▸ What you have to do
Output all the records below, word for word.

--- Data excerpts Enclosed Below ---

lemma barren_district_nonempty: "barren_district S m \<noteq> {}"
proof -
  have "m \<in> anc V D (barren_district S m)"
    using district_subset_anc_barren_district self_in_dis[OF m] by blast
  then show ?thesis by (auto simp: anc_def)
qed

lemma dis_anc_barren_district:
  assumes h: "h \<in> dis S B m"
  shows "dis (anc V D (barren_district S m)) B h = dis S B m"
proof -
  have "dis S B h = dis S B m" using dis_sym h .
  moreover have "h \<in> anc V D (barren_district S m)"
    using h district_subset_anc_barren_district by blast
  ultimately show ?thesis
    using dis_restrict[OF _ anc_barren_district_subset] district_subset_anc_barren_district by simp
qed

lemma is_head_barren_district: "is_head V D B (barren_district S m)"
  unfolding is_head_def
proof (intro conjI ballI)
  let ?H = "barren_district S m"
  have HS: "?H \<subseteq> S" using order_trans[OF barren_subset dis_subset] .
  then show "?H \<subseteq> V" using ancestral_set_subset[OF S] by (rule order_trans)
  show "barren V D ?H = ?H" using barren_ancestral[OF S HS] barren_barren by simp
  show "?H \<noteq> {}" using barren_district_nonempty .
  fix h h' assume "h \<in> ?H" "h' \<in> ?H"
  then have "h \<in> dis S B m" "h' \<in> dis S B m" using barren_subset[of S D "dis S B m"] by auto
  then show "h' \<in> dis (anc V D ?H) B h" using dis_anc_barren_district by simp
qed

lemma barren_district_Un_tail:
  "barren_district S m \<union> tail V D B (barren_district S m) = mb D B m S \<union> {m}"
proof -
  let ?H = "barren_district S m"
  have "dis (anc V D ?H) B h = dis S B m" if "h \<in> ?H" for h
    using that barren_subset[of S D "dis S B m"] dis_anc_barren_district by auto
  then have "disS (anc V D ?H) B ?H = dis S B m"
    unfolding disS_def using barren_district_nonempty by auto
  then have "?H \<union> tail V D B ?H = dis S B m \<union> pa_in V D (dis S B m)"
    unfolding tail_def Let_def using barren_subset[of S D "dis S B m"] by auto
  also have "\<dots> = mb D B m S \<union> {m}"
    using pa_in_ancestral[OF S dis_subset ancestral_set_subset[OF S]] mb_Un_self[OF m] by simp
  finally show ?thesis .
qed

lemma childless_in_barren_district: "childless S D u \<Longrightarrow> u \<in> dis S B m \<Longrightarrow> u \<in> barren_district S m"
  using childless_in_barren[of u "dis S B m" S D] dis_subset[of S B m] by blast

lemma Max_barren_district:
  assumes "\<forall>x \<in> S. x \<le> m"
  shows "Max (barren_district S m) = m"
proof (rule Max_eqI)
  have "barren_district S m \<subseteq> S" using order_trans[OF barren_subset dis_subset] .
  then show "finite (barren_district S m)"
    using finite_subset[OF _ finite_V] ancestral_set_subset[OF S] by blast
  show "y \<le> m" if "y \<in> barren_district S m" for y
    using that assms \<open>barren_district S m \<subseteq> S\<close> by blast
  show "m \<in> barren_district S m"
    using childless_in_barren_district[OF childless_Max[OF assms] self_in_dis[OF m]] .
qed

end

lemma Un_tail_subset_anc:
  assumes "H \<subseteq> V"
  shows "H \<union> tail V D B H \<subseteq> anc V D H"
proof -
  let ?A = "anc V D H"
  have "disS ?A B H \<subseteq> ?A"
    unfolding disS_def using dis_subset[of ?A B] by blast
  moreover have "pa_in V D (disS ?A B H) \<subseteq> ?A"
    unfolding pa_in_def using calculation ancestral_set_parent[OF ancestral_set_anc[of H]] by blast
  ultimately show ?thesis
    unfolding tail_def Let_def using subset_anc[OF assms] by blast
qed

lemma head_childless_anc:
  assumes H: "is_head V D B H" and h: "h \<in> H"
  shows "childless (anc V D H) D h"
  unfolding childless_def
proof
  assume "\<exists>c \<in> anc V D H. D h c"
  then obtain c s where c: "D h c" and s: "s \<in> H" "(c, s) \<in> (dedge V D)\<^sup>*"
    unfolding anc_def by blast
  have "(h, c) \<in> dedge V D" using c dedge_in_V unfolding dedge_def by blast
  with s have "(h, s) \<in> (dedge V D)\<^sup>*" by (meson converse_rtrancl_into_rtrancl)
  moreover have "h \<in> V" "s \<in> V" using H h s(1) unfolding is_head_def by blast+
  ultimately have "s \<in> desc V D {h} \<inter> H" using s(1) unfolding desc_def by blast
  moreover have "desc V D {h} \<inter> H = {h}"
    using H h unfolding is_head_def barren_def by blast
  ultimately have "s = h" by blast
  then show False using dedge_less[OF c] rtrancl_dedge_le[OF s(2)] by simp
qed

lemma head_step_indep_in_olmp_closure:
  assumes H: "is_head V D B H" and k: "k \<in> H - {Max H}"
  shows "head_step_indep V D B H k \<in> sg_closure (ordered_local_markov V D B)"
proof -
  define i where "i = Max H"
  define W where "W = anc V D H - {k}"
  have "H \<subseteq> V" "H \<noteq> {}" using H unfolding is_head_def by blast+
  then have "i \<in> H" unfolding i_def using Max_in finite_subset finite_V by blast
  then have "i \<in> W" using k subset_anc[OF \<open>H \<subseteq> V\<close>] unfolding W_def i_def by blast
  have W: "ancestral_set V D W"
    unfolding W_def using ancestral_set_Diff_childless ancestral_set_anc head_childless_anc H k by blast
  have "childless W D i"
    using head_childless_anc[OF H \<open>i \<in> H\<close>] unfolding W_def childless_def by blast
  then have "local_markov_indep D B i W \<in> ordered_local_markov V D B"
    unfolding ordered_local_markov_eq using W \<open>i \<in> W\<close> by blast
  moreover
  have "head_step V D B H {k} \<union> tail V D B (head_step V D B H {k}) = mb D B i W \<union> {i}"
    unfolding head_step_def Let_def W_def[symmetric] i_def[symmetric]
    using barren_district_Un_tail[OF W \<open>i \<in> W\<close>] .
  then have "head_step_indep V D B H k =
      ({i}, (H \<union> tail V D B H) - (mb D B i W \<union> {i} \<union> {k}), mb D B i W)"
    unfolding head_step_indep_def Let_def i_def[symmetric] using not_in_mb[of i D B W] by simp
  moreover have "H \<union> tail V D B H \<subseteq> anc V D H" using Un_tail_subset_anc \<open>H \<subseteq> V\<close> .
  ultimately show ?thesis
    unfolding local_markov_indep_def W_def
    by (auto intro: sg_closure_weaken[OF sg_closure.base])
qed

--- End of Enclosed Data excerpts ---

▸ Completed task
lemma barren_district_nonempty: "barren_district S m \<noteq> {}"
proof -
  have "m \<in> anc V D (barren_district S m)"
    using district_subset_anc_barren_district self_in_dis[OF m] by blast
  then show ?thesis by (auto simp: anc_def)
qed

lemma dis_anc_barren_district:
  assumes h: "h \<in> dis S B m"
  shows "dis (anc V D (barren_district S m)) B h = dis S B m"
proof -
  have "dis S B h = dis S B m" using dis_sym h .
  moreover have "h \<in> anc V D (barren_district S m)"
    using h district_subset_anc_barren_district by blast
  ultimately show ?thesis
    using dis_restrict[OF _ anc_barren_district_subset] district_subset_anc_barren_district by simp
qed

lemma is_head_barren_district: "is_head V D B (barren_district S m)"
  unfolding is_head_def
proof (intro conjI ballI)
  let ?H = "barren_district S m"
  have HS: "?H \<subseteq> S" using order_trans[OF barren_subset dis_subset] .
  then show "?H \<subseteq> V" using ancestral_set_subset[OF S] by (rule order_trans)
  show "barren V D ?H = ?H" using barren_ancestral[OF S HS] barren_barren by simp
  show "?H \<noteq> {}" using barren_district_nonempty .
  fix h h' assume "h \<in> ?H" "h' \<in> ?H"
  then have "h \<in> dis S B m" "h' \<in> dis S B m" using barren_subset[of S D "dis S B m"] by auto
  then show "h' \<in> dis (anc V D ?H) B h" using dis_anc_barren_district by simp
qed

lemma barren_district_Un_tail:
  "barren_district S m \<union> tail V D B (barren_district S m) = mb D B m S \<union> {m}"
proof -
  let ?H = "barren_district S m"
  have "dis (anc V D ?H) B h = dis S B m" if "h \<in> ?H" for h
    using that barren_subset[of S D "dis S B m"] dis_anc_barren_district by auto
  then have "disS (anc V D ?H) B ?H = dis S B m"
    unfolding disS_def using barren_district_nonempty by auto
  then have "?H \<union> tail V D B ?H = dis S B m \<union> pa_in V D (dis S B m)"
    unfolding tail_def Let_def using barren_subset[of S D "dis S B m"] by auto
  also have "\<dots> = mb D B m S \<union> {m}"
    using pa_in_ancestral[OF S dis_subset ancestral_set_subset[OF S]] mb_Un_self[OF m] by simp
  finally show ?thesis .
qed

lemma childless_in_barren_district: "childless S D u \<Longrightarrow> u \<in> dis S B m \<Longrightarrow> u \<in> barren_district S m"
  using childless_in_barren[of u "dis S B m" S D] dis_subset[of S B m] by blast

lemma Max_barren_district:
  assumes "\<forall>x \<in> S. x \<le> m"
  shows "Max (barren_district S m) = m"
proof (rule Max_eqI)
  have "barren_district S m \<subseteq> S" using order_trans[OF barren_subset dis_subset] .
  then show "finite (barren_district S m)"
    using finite_subset[OF _ finite_V] ancestral_set_subset[OF S] by blast
  show "y \<le> m" if "y \<in> barren_district S m" for y
    using that assms \<open>barren_district S m \<subseteq> S\<close> by blast
  show "m \<in> barren_district S m"
    using childless_in_barren_district[OF childless_Max[OF assms] self_in_dis[OF m]] .
qed

end

lemma Un_tail_subset_anc:
  assumes "H \<subseteq> V"
  shows "H \<union> tail V D B H \<subseteq> anc V D H"
proof -
  let ?A = "anc V D H"
  have "disS ?A B H \<subseteq> ?A"
    unfolding disS_def using dis_subset[of ?A B] by blast
  moreover have "pa_in V D (disS ?A B H) \<subseteq> ?A"
    unfolding pa_in_def using calculation ancestral_set_parent[OF ancestral_set_anc[of H]] by blast
  ultimately show ?thesis
    unfolding tail_def Let_def using subset_anc[OF assms] by blast
qed

lemma head_childless_anc:
  assumes H: "is_head V D B H" and h: "h \<in> H"
  shows "childless (anc V D H) D h"
  unfolding childless_def
proof
  assume "\<exists>c \<in> anc V D H. D h c"
  then obtain c s where c: "D h c" and s: "s \<in> H" "(c, s) \<in> (dedge V D)\<^sup>*"
    unfolding anc_def by blast
  have "(h, c) \<in> dedge V D" using c dedge_in_V unfolding dedge_def by blast
  with s have "(h, s) \<in> (dedge V D)\<^sup>*" by (meson converse_rtrancl_into_rtrancl)
  moreover have "h \<in> V" "s \<in> V" using H h s(1) unfolding is_head_def by blast+
  ultimately have "s \<in> desc V D {h} \<inter> H" using s(1) unfolding desc_def by blast
  moreover have "desc V D {h} \<inter> H = {h}"
    using H h unfolding is_head_def barren_def by blast
  ultimately have "s = h" by blast
  then show False using dedge_less[OF c] rtrancl_dedge_le[OF s(2)] by simp
qed

lemma head_step_indep_in_olmp_closure:
  assumes H: "is_head V D B H" and k: "k \<in> H - {Max H}"
  shows "head_step_indep V D B H k \<in> sg_closure (ordered_local_markov V D B)"
proof -
  define i where "i = Max H"
  define W where "W = anc V D H - {k}"
  have "H \<subseteq> V" "H \<noteq> {}" using H unfolding is_head_def by blast+
  then have "i \<in> H" unfolding i_def using Max_in finite_subset finite_V by blast
  then have "i \<in> W" using k subset_anc[OF \<open>H \<subseteq> V\<close>] unfolding W_def i_def by blast
  have W: "ancestral_set V D W"
    unfolding W_def using ancestral_set_Diff_childless ancestral_set_anc head_childless_anc H k by blast
  have "childless W D i"
    using head_childless_anc[OF H \<open>i \<in> H\<close>] unfolding W_def childless_def by blast
  then have "local_markov_indep D B i W \<in> ordered_local_markov V D B"
    unfolding ordered_local_markov_eq using W \<open>i \<in> W\<close> by blast
  moreover
  have "head_step V D B H {k} \<union> tail V D B (head_step V D B H {k}) = mb D B i W \<union> {i}"
    unfolding head_step_def Let_def W_def[symmetric] i_def[symmetric]
    using barren_district_Un_tail[OF W \<open>i \<in> W\<close>] .
  then have "head_step_indep V D B H k =
      ({i}, (H \<union> tail V D B H) - (mb D B i W \<union> {i} \<union> {k}), mb D B i W)"
    unfolding head_step_indep_def Let_def i_def[symmetric] using not_in_mb[of i D B W] by simp
  moreover have "H \<union> tail V D B H \<subseteq> anc V D H" using Un_tail_subset_anc \<open>H \<subseteq> V\<close> .
  ultimately show ?thesis
    unfolding local_markov_indep_def W_def
    by (auto intro: sg_closure_weaken[OF sg_closure.base])
qed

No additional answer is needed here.